Arnold Prieto was the first Texas death row prisoner to be executed in 2015. The 41-year-old was pronounced dead at 6:31 p.m. local time on Wednesday, 20 minutes after being injected with a lethal dose of pentobarbital at the Texas State Penitentiary at Huntsville.

Prieto was convicted and sentenced to die for the fatal stabbings of Rodolfo Rodriguez, 72, his wife Virginia, 62, and Paula Moran, 90, the couple’s former nanny. Prieto and an accomplice took jewelry and about $300 in cash from the Rodriguez’s San Antonio home.

No late appeals were filed on Prieto’s behalf to halt his execution. At trial, Prieto rejected a plea deal for a sentence of less than life in prison if he would testify against the other man suspected in the deadly robbery. In his final statement before receiving the lethal injection, Prieto said, “There are no endings, only beginnings. Love y’all. See you soon.

Prieto was the fourth US death row inmate put to death so far this year. On January 13, Andrew Brannon was executed in Georgia. January 15 saw the lethal injections of two prisoners, Johnny Kormondy in Florida and Charles Warner in Oklahoma. The US Supreme Court declined to intervene in these three cases to stop the executions.

Texas has 12 more executions scheduled through April of this year, including two next week: Garcia White on January 28, and Robert Ladd on January 29. Since the Supreme Court reinstated the death penalty in the US in 1976, Texas has sent 518 people to their deaths, far more than any other state and more than a third of the US total.

On January 25, 2013, Texas passed the grim milestone of 500 executions with the lethal injection of Kimberly McCarthy. Those executed in the Lone Star State have included six women, those convicted of crimes committed as juveniles, and the intellectually disabled.

Republican Governor Rick Perry, who left office on Tuesday, presided over a staggering 279 executions during his 14-year tenure. Perry’s predecessor as governor, George W. Bush, oversaw 153 executions.

In the modern era, Texas has executed 13 foreign nationals, including eight Mexicans, and one each from the Dominican Republic, Honduras, Cuba and Canada. According to the Death Penalty Information Center (DPIC), all but one of these men did not receive their consular rights, in violation of international law.

Since the death penalty’s reinstitution by the nation’s high court in 1976, 1,398 individuals have been sent to their deaths in the US states that continue to practice the death penalty.
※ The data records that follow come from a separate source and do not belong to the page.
(* Suppose (A.1) $\nabla f$ is Lipschitz continuous on $\mathbb{R}^n$ with modulus $L>0$ and (A.3) there are $\mu_f\in\mathbb{R}$, $\mu_r\ge0$ with $\bar\mu:=\mu_f+\mu_r>0$ such that $f-\frac{\mu_f}{2}\|\cdot\|^2$ and $r-\frac{\mu_r}{2}\|\cdot\|^2$ are convex. Let $\Lambda\in\mathbb S^n_{++}$ with $\lambda_MI\succeq\Lambda\succeq\lambda_mI$, and let $x^*$ be the unique minimizer of $\psi=f+r$. For $\tau>0$ set $$b_1:=L-2\lambda_m-\mu_r,\quad b_2:=\frac{(\lambda_M+\mu_r)^2}{\bar\mu},\quad B_1(\tau):=\frac{1+\tau}{\bar\mu}\big(\sqrt{b_1+b_2+\tau}+\sqrt{b_2}\big)^2.$$ Then for each $\tau>0$ there is a constant $B_2(\tau)>0$ (depending only on $\tau$ and on $L,\mu_f,\mu_r,\lambda_m,\lambda_M$) such that for all $x\in\mathbb{R}^n$ and every sample mini-batch $s$, $$\|x-x^*\|^2\le B_1(\tau)\|F^\Lambda_s(x)\|^2+B_2(\tau)\|\nabla f(x)-G_s(x)\|^2.$$ If the exact gradient is used (i.e. $G_s\equiv\nabla f$), then $\|x-x^*\|^2\le B_1(0)\|F^\Lambda(x)\|^2$ for all $x$.
   Context: $f:\mathbb{R}^n\to\mathbb{R}$ continuously differentiable, $r:\mathbb{R}^n\to(-\infty,+\infty]$ convex, lsc, proper, $\psi:=f+r$. For $\Lambda\in\mathbb S^n_{++}$, $\|x\|_\Lambda^2=\langle x,\Lambda x\rangle$, $\mathrm{prox}^\Lambda_r(x):=\arg\min_y r(y)+\frac12\|x-y\|_\Lambda^2$, $F^\Lambda(x):=x-\mathrm{prox}^\Lambda_r(x-\Lambda^{-1}\nabla f(x))$. A sample mini-batch $s$ yields a stochastic gradient $G_s(x)\in\mathbb{R}^n$ (e.g. $G_s(x)=\frac1m\sum_i\mathcal G(x,s_i)$ for an oracle $\mathcal G$), and $F^\Lambda_s(x):=x-\mathrm{prox}^\Lambda_r(x-\Lambda^{-1}G_s(x))$. Note that $b_1+b_2\ge0$ under the assumptions. *)

theory Defs
  imports "HOL-Analysis.Analysis"
begin

definition lnorm2 :: "real^'n^'n \<Rightarrow> real^'n \<Rightarrow> real" where
  "lnorm2 Lam x = x \<bullet> (Lam *v x)"

definition spd :: "real^'n^'n \<Rightarrow> bool" where
  "spd Lam \<longleftrightarrow> transpose Lam = Lam \<and> (\<forall>x. x \<noteq> 0 \<longrightarrow> 0 < lnorm2 Lam x)"

text \<open>An extended-valued function that equals r on its effective domain D and +infinity
  outside is proper, convex and lower semicontinuous (closed epigraph).\<close>
definition proper_convex_lsc :: "('a::real_normed_vector \<Rightarrow> real) \<Rightarrow> 'a set \<Rightarrow> bool" where
  "proper_convex_lsc r D \<longleftrightarrow> D \<noteq> {} \<and> convex D \<and> convex_on D r
     \<and> closed {(x, t). x \<in> D \<and> r x \<le> t}"

definition prox :: "real^'n^'n \<Rightarrow> (real^'n \<Rightarrow> real) \<Rightarrow> (real^'n) set \<Rightarrow> real^'n \<Rightarrow> real^'n" where
  "prox Lam r D x = (SOME y. y \<in> D \<and>
     (\<forall>z\<in>D. r y + lnorm2 Lam (x - y) / 2 \<le> r z + lnorm2 Lam (x - z) / 2))"

definition Fres :: "real^'n^'n \<Rightarrow> (real^'n \<Rightarrow> real) \<Rightarrow> (real^'n) set \<Rightarrow> real^'n \<Rightarrow> real^'n \<Rightarrow> real^'n" where
  "Fres Lam r D g x = x - prox Lam r D (x - matrix_inv Lam *v g)"

end

theory Submission
  imports Defs
begin

text \<open>Let \<open>p\<close> be the prox point of \<open>x - \<Lambda>\<^sup>-\<^sup>1 g\<close> and \<open>F = x - p\<close>. The optimality
  conditions of \<open>p\<close> for the prox problem and of \<open>x\<^sup>*\<close> for \<open>\<psi>\<close>, combined with strong convexity
  of \<open>f\<close> and the descent lemma, give the quadratic inequality
  \<open>\<mu> t\<^sup>2 \<le> 2((\<lambda>\<^sub>M + \<mu>\<^sub>r)\<parallel>F\<parallel> + \<delta>) t + b\<^sub>1\<parallel>F\<parallel>\<^sup>2 + 2\<parallel>F\<parallel>\<delta>\<close> in \<open>t = \<parallel>x - x\<^sup>*\<parallel>\<close>,
  where \<open>\<mu> = \<mu>\<^sub>f + \<mu>\<^sub>r\<close> and \<open>\<delta> = \<parallel>\<nabla>f(x) - g\<parallel>\<close>. Bounding \<open>t\<close> by the larger root and
  separating \<open>\<parallel>F\<parallel>\<close> from \<open>\<delta>\<close> with a \<open>\<tau>\<close>-weighted Young inequality yields \<open>B\<^sub>1(\<tau>)\<close>;
  for \<open>g = \<nabla>f(x)\<close> we have \<open>\<delta> = 0\<close> and the root bound alone gives \<open>B\<^sub>1(0)\<close>.\<close>

section \<open>Quadratic forms of symmetric matrices\<close>

lemma symmetric_matrix_inner_commute:
  fixes Lam :: "real^'n^'n"
  assumes "transpose Lam = Lam"
  shows "(Lam *v u) \<bullet> v = u \<bullet> (Lam *v v)"
proof -
  have "v v* Lam = Lam *v v" using vector_transpose_matrix[of v Lam] assms by simp
  then have "(Lam *v v) \<bullet> u = v \<bullet> (Lam *v u)" using dot_lmul_matrix[of v Lam u] by simp
  then show ?thesis by (simp add: inner_commute)
qed

lemma lnorm2_nonneg:
  assumes "spd Lam"
  shows "0 \<le> lnorm2 Lam x"
  using assms unfolding spd_def by (cases "x = 0") (auto simp: lnorm2_def less_imp_le)

lemma lnorm2_scaleR: "lnorm2 Lam (t *\<^sub>R x) = t\<^sup>2 * lnorm2 Lam x"
  unfolding lnorm2_def by (simp add: matrix_vector_mult_scaleR power2_eq_square)

lemma lnorm2_diff_scaleR:
  fixes Lam :: "real^'n^'n"
  assumes "transpose Lam = Lam"
  shows "lnorm2 Lam (a - t *\<^sub>R b) = lnorm2 Lam a - 2 * t * ((Lam *v a) \<bullet> b) + t\<^sup>2 * lnorm2 Lam b"
  using symmetric_matrix_inner_commute[OF assms, of a b] unfolding lnorm2_def
  by (simp add: algebra_simps matrix_vector_mult_scaleR inner_diff_left inner_diff_right
      power2_eq_square inner_commute)

lemma continuous_on_lnorm2: "continuous_on S (lnorm2 (Lam::real^'n^'n))"
proof -
  have "continuous_on S (\<lambda>x. x \<bullet> (Lam *v x))"
    by (intro continuous_intros continuous_on_compose2[OF matrix_vector_mult_linear_continuous_on[of UNIV Lam]]) auto
  then show ?thesis unfolding lnorm2_def[abs_def] .
qed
Texas, with 518 executions, is followed by Oklahoma, 112; Virginia, 110; Florida, 90; and Missouri, 80.

The 35 executions of 2014 were carried out by a handful of states: Texas and Missouri, 10 each; Florida, 8; Oklahoma, 3; Georgia, 2; and one each in Ohio and Arizona. Thirty-two states still practice capital punishment, along with the US federal government and the military legal system. Eighteen states and the District of Columbia have outlawed capital punishment.

Last year’s 35 executions were the fewest in the US in two decades. The comparatively smaller number, in part, reflects shifting public opinion on the death penalty. A 2013 Gallup poll found 60 percent of Americans favoring the death penalty for convicted murderers, down from a peak of 80 percent in 1994.

States still actively practicing the death penalty have faced a shortage of lethal chemicals for executions, as the main suppliers in Europe have dried up due to a European Union ban on exporting the drugs for use in executions. Experimentation by states of untested chemicals in lethal injections has resulted in a number of “botched” executions, in which condemned inmates have writhed on the gurney and cried out in pain during the barbaric procedure.

In one such case, on April 29, 2014, Oklahoma authorities injected prisoner Clayton Lockett with an untested cocktail of three lethal drugs. Lockett shook uncontrollably, gritted his teeth, and mumbled for nearly 15 minutes into the gruesome procedure. Prison authorities abruptly halted the execution, but Lockett died three quarters of an hour later.

The state of Oklahoma temporarily called a halt to executions while it overhauled its death penalty protocol. Last month, a US District Court judge ruled that the state killing machine could resume, clearing the way for the execution of Charles Warner on January 15. Warner was originally set to be put to death on the same day as Clayton Lockett last April, but his execution was put on hold for more than eight months waiting for the go-ahead from the courts.